### [How to complete this task]
Instruction for the data below: set down exactly the lines from the line with "x\<bar> \<le> a \<Longrightarrow>" to the line with "- ?gRU * (\<sigma> * xi s x)", inclusive, and no others.

(Saved data entries)
━━━━━━━━━━━━━━━━━━━━━━━━━━━━━━

lemma xi_touching_estimate:
  assumes "t1 < T" and sign: "\<sigma> = 1 \<or> \<sigma> = -1"
    and rho_nonneg: "\<And>s x. s \<in> {0..t1} \<Longrightarrow> rho s x \<ge> 0"
    and f_u: "\<forall>r\<ge>0. \<forall>v. D 0 1 r v \<le> 0" and f_uu: "\<forall>r\<ge>0. \<forall>v. \<sigma> * D 0 2 r v \<le> 0"
  obtains L where "\<And>s x a. s \<in> {0..t1} \<Longrightarrow> 0 < a \<Longrightarrow> \<sigma> * xi s x = - a \<Longrightarrow> \<sigma> * eta s x \<ge> - a \<Longrightarrow>
    \<bar>\<sigma> * xix s x\<bar> \<le> a \<Longrightarrow> \<sigma> * xi_t s x > - L * a"
proof -
  obtain B where B: "\<And>s x. s \<in> {0..t1} \<Longrightarrow>
      \<bar>rho s x\<bar> \<le> B \<and> \<bar>u s x\<bar> \<le> B \<and> \<bar>xi s x\<bar> \<le> B \<and> \<bar>ux s x\<bar> \<le> B \<and> \<bar>eta s x\<bar> \<le> B"
    using solution_bounded[OF assms(1)] by metis
  obtain C where C: "\<And>i j s x. i \<le> 2 \<Longrightarrow> j \<le> 2 \<Longrightarrow> s \<in> {0..t1} \<Longrightarrow> \<bar>Dsol i j s x\<bar> \<le> C"
    using Dsol_bounded[OF assms(1)] by metis
  define G where "G = (C + B * C) + (2 * C + B * C) * B + 2 * (C + B * C) * B"
  txt \<open>At a touching point the two terms containing f_u combine to -rho f_u (sigma eta + a) >= 0
    and -sigma rho f_uu u_x^2 >= 0; the remaining terms are bounded by G a.\<close>
  show ?thesis
  proof (rule that[of "G + 1"])
    fix s x a assume s: "s \<in> {0..t1}" and "0 < a" and xi_a: "\<sigma> * xi s x = - a"
      and eta_a: "\<sigma> * eta s x \<ge> - a" and xix_a: "\<bar>\<sigma> * xix s x\<bar> \<le> a"
    have Ds: "\<bar>Dsol i j s x\<bar> \<le> C" if "i \<le> 2" "j \<le> 2" for i j using C[OF that s] .
    have Bs: "\<bar>rho s x\<bar> \<le> B" "\<bar>xi s x\<bar> \<le> B" "\<bar>ux s x\<bar> \<le> B" using B[OF s] by auto
    have rho_D: "\<bar>rho s x * Dsol i j s x\<bar> \<le> B * C" if "i \<le> 2" "j \<le> 2" for i j
      using abs_mult_bound[OF Bs(1) Ds[OF that]] .
    let ?gR = "Dsol 0 0 s x + rho s x * Dsol 1 0 s x"
    let ?gRR = "(2 * Dsol 1 0 s x + rho s x * Dsol 2 0 s x) * xi s x"
    let ?gRU = "2 * (Dsol 0 1 s x + rho s x * Dsol 1 1 s x) * ux s x"
    let ?rD = "rho s x * Dsol 0 1 s x"
    let ?N = "\<sigma> * (rho s x * Dsol 0 2 s x * ux s x ^ 2)"
    have "\<sigma> * xi_t s x = - ?gR * (\<sigma> * xix s x) - ?gRR * (\<sigma> * xi s x) - ?gRU * (\<sigma> * xi s x)
        - ?N - ?rD * (\<sigma> * eta s x) + ?rD * (\<sigma> * xi s x)"
      unfolding xi_t_def by (simp add: algebra_simps power2_eq_square)
    also have "\<dots> = - ?gR * (\<sigma> * xix s x) + ?gRR * a + ?gRU * a - ?N - ?rD * (\<sigma> * eta s x) - ?rD * a"
      unfolding xi_a by simp
    finally have xi_t_eq: "\<sigma> * xi_t s x =
        - ?gR * (\<sigma> * xix s x) + ?gRR * a + ?gRU * a - ?N - ?rD * (\<sigma> * eta s x) - ?rD * a" .
    have "\<bar>?gR\<bar> \<le> C + B * C"
      using Ds[of 0 0] rho_D[of 1 0] by (simp add: abs_triangle_ineq order_trans[OF abs_triangle_ineq])
    then have "\<bar>?gR * (\<sigma> * xix s x)\<bar> \<le> (C + B * C) * a" using xix_a by (rule abs_mult_bound)
    moreover have "\<bar>?gRR\<bar> \<le> (2 * C + B * C) * B"
    proof (rule abs_mult_bound[OF _ Bs(2)])
      show "\<bar>2 * Dsol 1 0 s x + rho s x * Dsol 2 0 s x\<bar> \<le> 2 * C + B * C"
        using Ds[of 1 0] rho_D[of 2 0] by (simp add: order_trans[OF abs_triangle_ineq])
    qed
    then have "\<bar>?gRR * a\<bar> \<le> (2 * C + B * C) * B * a" using \<open>0 < a\<close> by (simp add: abs_mult)
    moreover have "\<bar>?gRU\<bar> \<le> 2 * (C + B * C) * B"
    proof -
      have "\<bar>Dsol 0 1 s x + rho s x * Dsol 1 1 s x\<bar> \<le> C + B * C"
        using Ds[of 0 1] rho_D[of 1 1] by (simp add: order_trans[OF abs_triangle_ineq])
      from abs_mult_bound[OF this Bs(3)]
      have "\<bar>(Dsol 0 1 s x + rho s x * Dsol 1 1 s x) * ux s x\<bar> \<le> (C + B * C) * B" .
      moreover have "\<bar>?gRU\<bar> = 2 * \<bar>(Dsol 0 1 s x + rho s x * Dsol 1 1 s x) * ux s x\<bar>"
        by (simp only: abs_mult abs_numeral mult.assoc)
      ultimately show ?thesis by linarith
    qed
    then have "\<bar>?gRU * a\<bar> \<le> 2 * (C + B * C) * B * a" using \<open>0 < a\<close> by (simp add: abs_mult)
    moreover have "?N \<le> 0"
    proof -
      have "\<sigma> * Dsol 0 2 s x \<le> 0" using f_uu rho_nonneg[OF s] unfolding Dsol_def by blast
      with rho_nonneg[OF s] have "rho s x * ux s x ^ 2 * (\<sigma> * Dsol 0 2 s x) \<le> 0"
        by (simp add: mult_nonneg_nonpos)
      then show ?thesis by (simp add: mult_ac)
    qed
    moreover have "?rD * (\<sigma> * eta s x) \<le> - ?rD * a"
    proof -
      have "?rD \<le> 0" using f_u rho_nonneg[OF s] unfolding Dsol_def by (simp add: mult_nonneg_nonpos)
      from mult_left_mono_neg[OF eta_a this] show ?thesis by simp
    qed
    ultimately show "\<sigma> * xi_t s x > - (G + 1) * a"
      unfolding xi_t_eq G_def using \<open>0 < a\<close> by (simp add: algebra_simps abs_le_iff)
  qed
qed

━━━━━━━━━━━━━━━━━━━━━━━━━━━━━━

### [Expected answer]
    \<bar>\<sigma> * xix s x\<bar> \<le> a \<Longrightarrow> \<sigma> * xi_t s x > - L * a"
proof -
  obtain B where B: "\<And>s x. s \<in> {0..t1} \<Longrightarrow>
      \<bar>rho s x\<bar> \<le> B \<and> \<bar>u s x\<bar> \<le> B \<and> \<bar>xi s x\<bar> \<le> B \<and> \<bar>ux s x\<bar> \<le> B \<and> \<bar>eta s x\<bar> \<le> B"
    using solution_bounded[OF assms(1)] by metis
  obtain C where C: "\<And>i j s x. i \<le> 2 \<Longrightarrow> j \<le> 2 \<Longrightarrow> s \<in> {0..t1} \<Longrightarrow> \<bar>Dsol i j s x\<bar> \<le> C"
    using Dsol_bounded[OF assms(1)] by metis
  define G where "G = (C + B * C) + (2 * C + B * C) * B + 2 * (C + B * C) * B"
  txt \<open>At a touching point the two terms containing f_u combine to -rho f_u (sigma eta + a) >= 0
    and -sigma rho f_uu u_x^2 >= 0; the remaining terms are bounded by G a.\<close>
  show ?thesis
  proof (rule that[of "G + 1"])
    fix s x a assume s: "s \<in> {0..t1}" and "0 < a" and xi_a: "\<sigma> * xi s x = - a"
      and eta_a: "\<sigma> * eta s x \<ge> - a" and xix_a: "\<bar>\<sigma> * xix s x\<bar> \<le> a"
    have Ds: "\<bar>Dsol i j s x\<bar> \<le> C" if "i \<le> 2" "j \<le> 2" for i j using C[OF that s] .
    have Bs: "\<bar>rho s x\<bar> \<le> B" "\<bar>xi s x\<bar> \<le> B" "\<bar>ux s x\<bar> \<le> B" using B[OF s] by auto
    have rho_D: "\<bar>rho s x * Dsol i j s x\<bar> \<le> B * C" if "i \<le> 2" "j \<le> 2" for i j
      using abs_mult_bound[OF Bs(1) Ds[OF that]] .
    let ?gR = "Dsol 0 0 s x + rho s x * Dsol 1 0 s x"
    let ?gRR = "(2 * Dsol 1 0 s x + rho s x * Dsol 2 0 s x) * xi s x"
    let ?gRU = "2 * (Dsol 0 1 s x + rho s x * Dsol 1 1 s x) * ux s x"
    let ?rD = "rho s x * Dsol 0 1 s x"
    let ?N = "\<sigma> * (rho s x * Dsol 0 2 s x * ux s x ^ 2)"
    have "\<sigma> * xi_t s x = - ?gR * (\<sigma> * xix s x) - ?gRR * (\<sigma> * xi s x) - ?gRU * (\<sigma> * xi s x)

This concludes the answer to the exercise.